Larry I'm not picking on you here so don't take this personally. I recieved one of the furharvesters surveys this year and there weren't any questions on there that would have given them any information to come up with the regulation changes that are proposed. I also find it funny that the houndsmen groups are now all of a sudden in favor of regulation changes based on a study that isn't completed yet. Wasn't too long ago that was considered taboo when they tried to stop the new trapping season on bobcats in the NL. Once again Larry this isn't anything personal against you just the information which you received.

Joe


----------



## LarryA (Jun 16, 2004)

No problem Joe. I know for a fact that there was one major item on the questionaire that bothered them. The sources of information trappers used for snaring. There were two very good answers, but the majority of the trappers didn't select either. I also think the number of dogs listed as being caught may have bothered them too. Anyway, there was information there that could have been interpreted that maybe a problem did exist.

I do know this I am a houndsmen who don't believe that law biding individuals should be held accountable for a few slobs, and I believe that as it pertains to snares. As a trapper I know, trapping in of itself is a very volatile subject. Based on that fact alone, I really think trappers should be doing more within our ranks. I also know this isn't a popular subject, but trappers need to start to embrace what science can do for them. We all should be looking for ways to insure the legacy of trapping continues. Whether we like it or not that means working within a system that we don't necessarily agree with all the time.

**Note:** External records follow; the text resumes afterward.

lemma prod_list_minus_zero_iff:
  fixes lam :: "nat \<Rightarrow> real"
  assumes inj: "inj_on lam {1..k}" and "z \<in> (\<lambda>i. complex_of_real (lam i)) ` {1..k}"
  shows "(\<Prod>i\<leftarrow>[2..<Suc k]. z - complex_of_real (lam i)) = 0 \<longleftrightarrow> z \<noteq> complex_of_real (lam 1)"
proof -
  obtain i0 where i0: "i0 \<in> {1..k}" and z: "z = complex_of_real (lam i0)" using assms(2) by blast
  have "(\<Prod>i\<leftarrow>[2..<Suc k]. complex_of_real (lam i0) - complex_of_real (lam i)) = 0
    \<longleftrightarrow> (\<exists>i \<in> {2..k}. lam i0 = lam i)"
    unfolding prod_list_zero_iff list.set_map set_upt atLeastLessThanSuc_atLeastAtMost by force
  also have "\<dots> \<longleftrightarrow> lam i0 \<noteq> lam 1"
  proof
    assume "\<exists>i \<in> {2..k}. lam i0 = lam i"
    then obtain i where "i \<in> {2..k}" "lam i0 = lam i" by blast
    then show "lam i0 \<noteq> lam 1" using inj_onD[OF inj, of i 1] by auto
  next
    assume "lam i0 \<noteq> lam 1"
    then have "i0 \<in> {2..k}" using i0 by (cases "i0 = 1") auto
    then show "\<exists>i \<in> {2..k}. lam i0 = lam i" by blast
  qed
  finally show ?thesis unfolding z by simp
qed

lemma eig_conditions_if_card_eigenvalues:
  assumes H: "hermitian_mat n H" and simple: "largest_eigenvalue_simple H"
    and card: "card {\<mu>. eigenvalue H \<mu>} = k" and "0 < k"
  shows "\<exists>lam. eig_conditions n H k lam"
proof -
  have C: "H \<in> carrier_mat n n" using hermitian_mat_carrier[OF H] .
  obtain r where r: "eigenvalue H (complex_of_real r)" and r1: "order (complex_of_real r) (char_poly H) = 1"
    using simple unfolding largest_eigenvalue_simple_def by blast
  obtain d P Q where sim: "similar_mat_wit H (mat_diag n d) P Q"
    and mult: "\<And>a. order a (char_poly H) = card {j. j < n \<and> d j = a}"
    using hermitian_diagonalization[OF H] by blast
  have "card {j. j < n \<and> d j = complex_of_real r} = Suc 0" using r1 mult by simp
  then obtain j0 where j0: "{j. j < n \<and> d j = complex_of_real r} = {j0}"
    unfolding card_1_singleton_iff by blast
  then have "j0 < n" "d j0 = complex_of_real r" by auto
  obtain lam where inj: "inj_on lam {1..k}"
    and spec: "complex_of_real ` lam ` {1..k} = {\<mu>. eigenvalue H \<mu>}" and lam1: "lam 1 = r"
    using hermitian_eigenvalue_enumeration[OF H card \<open>0 < k\<close> r] by blast
  let ?c = "\<lambda>i. complex_of_real (lam i)"
  have d_spec: "d j \<in> ?c ` {1..k}" if "j < n" for j
  proof -
    have "order (d j) (char_poly H) \<noteq> 0" unfolding mult using that by (subst card_0_eq) auto
    then show ?thesis using spec unfolding eigenvalue_iff_order_char_poly[OF C, symmetric] by auto
  qed
  have roots: "(\<Prod>i\<leftarrow>[2..<Suc k]. d j - ?c i) = 0" if "j < n" "j \<noteq> j0" for j
    using prod_list_minus_zero_iff[OF inj d_spec] j0 that lam1 by blast
  have nonroot: "(\<Prod>i\<leftarrow>[2..<Suc k]. d j0 - ?c i) \<noteq> 0"
    using prod_list_minus_zero_iff[OF inj d_spec[OF \<open>j0 < n\<close>]] \<open>d j0 = complex_of_real r\<close> lam1 by simp
  obtain b where b: "b \<noteq> 0" and prod: "shifted_prod n H lam k = b \<cdot>\<^sub>m outer_adj (col P j0)"
    using hermitian_shift_prod_single_root[OF H sim \<open>j0 < n\<close> roots nonroot]
    unfolding shifted_prod_eq_shift_prod by blast
  have P: "P \<in> carrier_mat n n" using similar_mat_witD2[OF C sim] by blast
  obtain l where l: "l < n" "P $$ (l, j0) \<noteq> 0"
    using similar_mat_wit_col_row_nonzero[OF C sim \<open>j0 < n\<close>] by blast
  then have "col P j0 $ l \<noteq> 0" using P \<open>j0 < n\<close> by simp
  then have "col P j0 \<noteq> 0\<^sub>v n" using l(1) by auto
  moreover have "H *\<^sub>v col P j0 = complex_of_real (lam 1) \<cdot>\<^sub>v col P j0"
    using similar_mat_diag_col_eigenvector[OF C sim \<open>j0 < n\<close>] \<open>d j0 = complex_of_real r\<close> lam1 by simp
  moreover have "det (H - ?c i \<cdot>\<^sub>m 1\<^sub>m n) = 0" if "i \<in> {2..k}" for i
    using spec that unfolding eigenvalue_iff_det_shift[OF C, symmetric] by auto
  moreover have "col P j0 \<in> carrier_vec n" using P by auto
  ultimately show ?thesis unfolding eig_conditions_def using inj b prod by blast
qed

lemma eigenvalues_if_eig_conditions:
  assumes C: "H \<in> carrier_mat n n" and "0 < k" and cond: "eig_conditions n H k lam"
  shows "{\<mu>. eigenvalue H \<mu>} = complex_of_real ` lam ` {1..k}"
proof -
  let ?c = "\<lambda>i. complex_of_real (lam i)"
  from cond obtain b y where det: "\<forall>i\<in>{2..k}. det (H - ?c i \<cdot>\<^sub>m 1\<^sub>m n) = 0"
    and y: "y \<in> carrier_vec n" "y \<noteq> 0\<^sub>v n"
    and prod: "shifted_prod n H lam k = b \<cdot>\<^sub>m outer_adj y" and Hy: "H *\<^sub>v y = ?c 1 \<cdot>\<^sub>v y"
    unfolding eig_conditions_def by blast
  have "\<mu> \<in> ?c ` {1..k}" if ev: "eigenvalue H \<mu>" for \<mu>
  proof (rule ccontr)
    assume \<mu>: "\<mu> \<notin> ?c ` {1..k}"
    obtain v where v: "v \<in> carrier_vec n" "v \<noteq> 0\<^sub>v n" and Hv: "H *\<^sub>v v = \<mu> \<cdot>\<^sub>v v"
      using ev C unfolding eigenvalue_def eigenvector_def by auto
    have "(\<Prod>i\<leftarrow>[2..<Suc k]. \<mu> - ?c i) \<noteq> 0" using \<mu> unfolding prod_list_zero_iff by auto
    with prod have "\<mu> = ?c 1"
      unfolding shifted_prod_eq_shift_prod by (rule eigenvalue_eq_if_shift_prod_outer_adj[OF C y(1) _ Hy v Hv])
    then show False using \<mu> \<open>0 < k\<close> by auto
  qed
  moreover have "eigenvalue H (?c i)" if "i \<in> {1..k}" for i
  proof (cases "i = 1")
    case True
    then show ?thesis using y Hy C unfolding eigenvalue_def eigenvector_def by auto
  next
    case False
    then show ?thesis using that det unfolding eigenvalue_iff_det_shift[OF C] by auto
  qed
  ultimately show ?thesis unfolding image_image by auto
qed

theorem theorem2p6:
  fixes n k :: nat and H :: "complex mat"
  assumes "hermitian_mat n H"
    and "largest_eigenvalue_simple H"
    and "2 \<le> k" and "k \<le> n"
  shows "(card {\<mu>. eigenvalue H \<mu>} = k \<longleftrightarrow> (\<exists>lam. eig_conditions n H k lam))
    \<and> (\<forall>lam. eig_conditions n H k lam \<longrightarrow>
          {\<mu>. eigenvalue H \<mu>} = complex_of_real ` lam ` {1..k})"
proof -
  have C: "H \<in> carrier_mat n n" using hermitian_mat_carrier[OF assms(1)] .
  have "0 < k" using assms(3) by simp
  have spectrum: "{\<mu>. eigenvalue H \<mu>} = complex_of_real ` lam ` {1..k}"
    if "eig_conditions n H k lam" for lam
    using eigenvalues_if_eig_conditions[OF C \<open>0 < k\<close> that] .
  have "card {\<mu>. eigenvalue H \<mu>} = k" if "eig_conditions n H k lam" for lam
  proof -
    have inj: "inj_on lam {1..k}" using that unfolding eig_conditions_def by blast
    have "card (complex_of_real ` lam ` {1..k}) = card (lam ` {1..k})"
      by (rule card_image) (simp add: inj_on_def)
    also have "\<dots> = k" using card_image[OF inj] by simp
    finally show ?thesis unfolding spectrum[OF that] .
  qed
  moreover have "\<exists>lam. eig_conditions n H k lam" if "card {\<mu>. eigenvalue H \<mu>} = k"
    using eig_conditions_if_card_eigenvalues[OF assms(1,2) that \<open>0 < k\<close>] .
  ultimately show ?thesis using spectrum by blast
qed

end
theorem proposition4p6:
  fixes A :: "('m \<Rightarrow> real) set" and E :: "'m \<Rightarrow> 'v::euclidean_space set"
    and Gam :: "('m \<Rightarrow> 'v) set"
    and rho :: "('m \<Rightarrow> 'v) \<Rightarrow> ('m \<Rightarrow> real) \<Rightarrow> ('m \<Rightarrow> real)"
    and br :: "('m \<Rightarrow> 'v) \<Rightarrow> ('m \<Rightarrow> 'v) \<Rightarrow> ('m \<Rightarrow> 'v)"
    and F :: "'m \<Rightarrow> 'v \<Rightarrow> 'v" and \<xi> :: "'m \<Rightarrow> 'v" and \<eta> :: "'m \<Rightarrow> 'v \<Rightarrow> real"
    and g :: "'m \<Rightarrow> 'v \<Rightarrow> 'v \<Rightarrow> real"
    and nabla :: "('m \<Rightarrow> 'v) \<Rightarrow> ('m \<Rightarrow> 'v) \<Rightarrow> ('m \<Rightarrow> 'v)"
    and m :: nat
  assumes "contact_riemannian_lie_algebroid A m E Gam rho br F \<xi> \<eta> g"
    and "levi_civita A Gam rho br g nabla"
  shows "K_contact A m E Gam rho br F \<xi> \<eta> g \<longleftrightarrow>
         (\<forall>s\<in>Gam. nabla s \<xi> = (\<lambda>x. - F x (s x)))"
proof -
  have ac: "almost_contact_riemannian A m E Gam F \<xi> \<eta> g"
    and contact: "\<And>s1 s2. s1 \<in> Gam \<Longrightarrow> s2 \<in> Gam \<Longrightarrow> dE1 rho br \<eta> s1 s2 = fundamental_form F g s1 s2"
    using assms(1) unfolding contact_riemannian_lie_algebroid_def by blast+
  have metric: "bundle_metric E g" using almost_contact_riemannian_bundle_metric[OF ac] .
  interpret fibre: almost_contact_metric_space "E x" "F x" "\<xi> x" "\<eta> x" "g x" for x
    using almost_contact_riemannian_fibre[OF ac] .
  have vb: "vector_bundle A (2 * m + 1) E Gam" and xi: "\<xi> \<in> Gam"
    using ac unfolding almost_contact_riemannian_def by blast+
  have eta: "\<And>x v. v \<in> E x \<Longrightarrow> \<eta> x v = g x v (\<xi> x)" using fibre.g_xi by simp
  have antisym: "2 * g x (s x) (F x (t x)) = g x (nabla s \<xi> x) (t x) - g x (s x) (nabla t \<xi> x)"
    if "s \<in> Gam" "t \<in> Gam" for s t x
    using dE1_metric_dual_eq_nabla[OF assms(2) metric vb xi eta that]
      contact[OF that] by (simp add: fundamental_form_def)
  have nabla_xi_in: "\<And>s x. s \<in> Gam \<Longrightarrow> nabla s \<xi> x \<in> E x"
    using vector_bundle_section_in[OF vb] levi_civita_closed[OF assms(2)] xi by blast
  have "killing_section Gam rho br g \<xi> \<longleftrightarrow> (\<forall>s\<in>Gam. nabla s \<xi> = (\<lambda>x. - F x (s x)))"
    unfolding killing_section_iff_nabla_skew[OF assms(2) metric vb xi]
    using skew_iff_eq_neg_of_antisym_part[where E = E and g = g and F = F and D = "\<lambda>s. nabla s \<xi>",
        OF metric vb nabla_xi_in fibre.F_in fibre.F_skew antisym] .
  then show ?thesis using assms(1) unfolding K_contact_def by blast
qed

end
lemma dual_line_unique:
  fixes p p' x y :: "real^2"
  assumes "\<alpha> \<noteq> 0" "p \<bullet> x = \<alpha>" "p \<bullet> y = \<alpha>" "p' \<bullet> x = \<alpha>" "p' \<bullet> y = \<alpha>" "x \<noteq> y"
  shows "p = p'"
proof (rule ccontr)
  assume "p \<noteq> p'"
  define u where "u = p - p'"
  have u: "u$1 \<noteq> 0 \<or> u$2 \<noteq> 0" using \<open>p \<noteq> p'\<close> by (auto simp: vec2_eq_iff u_def)
  have ux: "u$1 * x$1 + u$2 * x$2 = 0" and uy: "u$1 * y$1 + u$2 * y$2 = 0"
    using assms by (simp_all add: inner_vec2 u_def algebra_simps)
  have "u$i * (x$1 * y$2 - x$2 * y$1) = 0" if "i = 1 \<or> i = 2" for i
  proof -
    have "u$1 * (x$1 * y$2 - x$2 * y$1) = (u$1 * x$1 + u$2 * x$2) * y$2 - (u$1 * y$1 + u$2 * y$2) * x$2"
      "u$2 * (x$1 * y$2 - x$2 * y$1) = (u$1 * y$1 + u$2 * y$2) * x$1 - (u$1 * x$1 + u$2 * x$2) * y$1"
      by (simp_all add: algebra_simps)
    with ux uy that show ?thesis by auto
  qed
  with u have cross: "x$1 * y$2 - x$2 * y$1 = 0" by auto
  have "(p \<bullet> x) * y$1 - (p \<bullet> y) * x$1 = - p$2 * (x$1 * y$2 - x$2 * y$1)"
    "(p \<bullet> x) * y$2 - (p \<bullet> y) * x$2 = p$1 * (x$1 * y$2 - x$2 * y$1)"
    by (simp_all add: inner_vec2 algebra_simps)
  with cross assms(1-3) have "y$1 = x$1" "y$2 = x$2"
    by (simp_all add: right_diff_distrib[symmetric])
  with assms(6) show False by (simp add: vec2_eq_iff)
qed

lemma disjoint_family_off_diag_dual_line:
  fixes P :: "(real^2) set"
  assumes "\<alpha> \<noteq> 0"
  shows "disjoint_family (\<lambda>p. off_diag (dual_line \<alpha> P p))"
  unfolding disjoint_family_on_def
proof (intro ballI impI)
  fix p p' :: "real^2" assume "p \<noteq> p'"
  show "off_diag (dual_line \<alpha> P p) \<inter> off_diag (dual_line \<alpha> P p') = {}"
  proof (rule ccontr)
    assume "off_diag (dual_line \<alpha> P p) \<inter> off_diag (dual_line \<alpha> P p') \<noteq> {}"
    then obtain x y where "x \<in> dual_line \<alpha> P p" "y \<in> dual_line \<alpha> P p"
      "x \<in> dual_line \<alpha> P p'" "y \<in> dual_line \<alpha> P p'" "x \<noteq> y"
      by auto
    then have "p \<bullet> x = \<alpha>" "p \<bullet> y = \<alpha>" "p' \<bullet> x = \<alpha>" "p' \<bullet> y = \<alpha>" "x \<noteq> y"
      by (simp_all add: dual_line_def)
    with dual_line_unique[OF assms] \<open>p \<noteq> p'\<close> show False by blast
  qed
qed

lemma tangent_inverse_square_le:
  fixes d g :: real
  assumes "d > 0" "g > 0"
  shows "3 / g\<^sup>2 - 2 * d / g^3 \<le> 1 / d\<^sup>2"
proof -
  have "g^3 - (3 * d\<^sup>2 * g - 2 * d^3) = (g - d)\<^sup>2 * (g + 2 * d)"
    by (simp add: algebra_simps power2_eq_square power3_eq_cube)
  also have "\<dots> \<ge> 0" using assms by simp
  finally have "3 * d\<^sup>2 * g - 2 * d^3 \<le> g^3" by simp
  have "3 / g\<^sup>2 - 2 * d / g^3 = (3 * d\<^sup>2 * g - 2 * d^3) / (d\<^sup>2 * g^3)"
    using assms by (simp add: field_simps power2_eq_square power3_eq_cube)
  also have "\<dots> \<le> g^3 / (d\<^sup>2 * g^3)"
    using \<open>3 * d\<^sup>2 * g - 2 * d^3 \<le> g^3\<close> assms by (intro divide_right_mono) auto
  also have "\<dots> = 1 / d\<^sup>2" using assms by simp
  finally show ?thesis .
qed

text \<open>Peeling off the largest value adds one consecutive gap \<open>d\<close>, whose term \<open>1/d\<^sup>2\<close> is bounded
  below by the tangent line of \<open>1/d\<^sup>2\<close> at \<open>g\<close>; the linear terms telescope to the spread.\<close>

lemma inverse_square_gaps_tangent_bound:
  fixes f :: "'a \<Rightarrow> real"
  assumes "finite A" "card A = Suc n" "inj_on f A" "g > 0" "\<forall>x\<in>A. lo \<le> f x"
  shows "\<exists>E \<subseteq> off_diag A.
    3 * real n / g\<^sup>2 - 2 * (Max (f ` A) - lo) / g^3 \<le> (\<Sum>(x, y)\<in>E. 1 / (f x - f y)\<^sup>2)"
  using assms
proof (induction n arbitrary: A)
  case 0
  then obtain a where A: "A = {a}" by (auto simp: card_Suc_eq)
  have "0 \<le> 2 * (f a - lo) / g^3" using 0 A by simp
  thus ?case using A by (intro exI[of _ "{}"]) auto
next
  case (Suc n)
  have fin: "finite (f ` A)" "f ` A \<noteq> {}" using Suc.prems by auto
  obtain z where z: "z \<in> A" "f z = Max (f ` A)" using Max_in[OF fin] by auto
  define A' where "A' = A - {z}"
  have A': "finite A'" "card A' = Suc n" "inj_on f A'" "\<forall>x\<in>A'. lo \<le> f x"
    using Suc.prems z by (auto simp: A'_def intro: inj_on_subset)
  obtain E where E: "E \<subseteq> off_diag A'"
    "3 * real n / g\<^sup>2 - 2 * (Max (f ` A') - lo) / g^3 \<le> (\<Sum>(x, y)\<in>E. 1 / (f x - f y)\<^sup>2)"
    using Suc.IH[OF A'(1,2,3) Suc.prems(4) A'(4)] by blast
  have fin': "finite (f ` A')" "f ` A' \<noteq> {}" using A' by auto
  obtain w where w: "w \<in> A'" "f w = Max (f ` A')" using Max_in[OF fin'] by auto
  have "w \<in> A" "w \<noteq> z" using w by (auto simp: A'_def)
  hence "f w < f z"
    using z fin Suc.prems(3) by (metis Max_ge image_eqI inj_on_contraD order_le_neq_trans)
  have "(z, w) \<notin> E" using E(1) by (auto simp: A'_def)
  moreover have "finite E" using E(1) A'(1) finite_off_diag finite_subset by blast
  ultimately have sum_E: "(\<Sum>(x, y)\<in>insert (z, w) E. 1 / (f x - f y)\<^sup>2)
      = 1 / (f z - f w)\<^sup>2 + (\<Sum>(x, y)\<in>E. 1 / (f x - f y)\<^sup>2)"
    by simp
  have tangent: "3 / g\<^sup>2 - 2 * (f z - f w) / g^3 \<le> 1 / (f z - f w)\<^sup>2"
    using tangent_inverse_square_le[of "f z - f w" g] \<open>f w < f z\<close> Suc.prems(4) by simp
  have "3 * real (Suc n) / g\<^sup>2 - 2 * (Max (f ` A) - lo) / g^3 =
     (3 * real n / g\<^sup>2 - 2 * (Max (f ` A') - lo) / g^3) + (3 / g\<^sup>2 - 2 * (f z - f w) / g^3)"
    using z w Suc.prems(4) by (simp add: field_simps)
  also have "\<dots> \<le> (\<Sum>(x, y)\<in>insert (z, w) E. 1 / (f x - f y)\<^sup>2)"
    using sum_E tangent E(2) by linarith
  finally show ?case
    using E(1) \<open>w \<in> A\<close> \<open>w \<noteq> z\<close> z(1) off_diag_mono[of A' A]
    by (intro exI[of _ "insert (z, w) E"]) (auto simp: A'_def)
qed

I believe the houndsmen of the state over reacted twice last year. I believe the issues weren't handled properly. I also believe that both groups don't have a clue on how to negotiate. Both groups are letting their emotions rule over good judgement. Both groups had a golden opportunity last year and both messed it up. I know from teaching my own boys. That I give them a chance to work out problems. If they can't come to a solution, then I step in. Now while one boy may think I favor the other, the truth is I am not. In the long run they both lose. I know right now the trappers think the houndsmen are gloating, but I don't see that. I see two groups who both lost credibility in the last year.


----------



## FixedBlade (Oct 14, 2002)

Larry. The times of free casting dogs has come to an end. More property is privatly owned, or at least those property owners are more concerned with being sued then ever before. Unwanted trespass is no longer tolerated as it was in the past. Hounds-mae must be aware of this because I constantly read of conflicts due to the runing of hounds on private property. It seems to always boil down to "dogs can't read signs, and we have the rite to retreive our dogs". I see these as to ages old excuses used by dog owners that do not want to change with the times. I have never read where hound hunters are traning their dogs to return when their called. How about blowing the truck horn three times to siginel the dogs to come back? Is this any different than using a whistle for training retrievers? I don't think I have ever heard the hounds-men discuss compensation to land owners for the disturbence their dogs have caused. Lets say a hound dog went onto private property and bit the land owner, maybe scared a little girl or killed a pet. Do you think that the public should sensationalize these incidents in the media and suggest banning hound hunting? That is what this is all about. You may say that trappers need to come into the future, but what are the hounds-men doing? What have they done to aliviate the problem of their dogs going onto private property. Hounds-men always seem to think that they are the only ones to lose something when a dog is caught in a snare. A trapper has spent hours driving, scouting and placing that snare. There is a cost for each snare and a loss of money from the pelt that snare will not produce. These costs can be in the hundreds of dollars. Has any hounds-men you know told a trapper, hey my dog got into your snare here is a hundred bucks for your losses? It is a two way street. I'll tell you a little about me. I would not want mu dog to get into a snare, then again, I would not want to lose my snare to a dog.


----------



## LarryA (Jun 16, 2004)

Fixedblade,

I am confused. First of all, a snare is a one time used instrument especially if you don't have ample swivels. The more swivels the more likely you could reuse a snare. Second, a couple of hundred dollars for a snare? They average out to about $2.00 a piece ... well at least the ones I bought this last fall did. Then add a $25.00 coyote pelt to the cost ... frankly, I don't see where you get a couple hunderd dollars.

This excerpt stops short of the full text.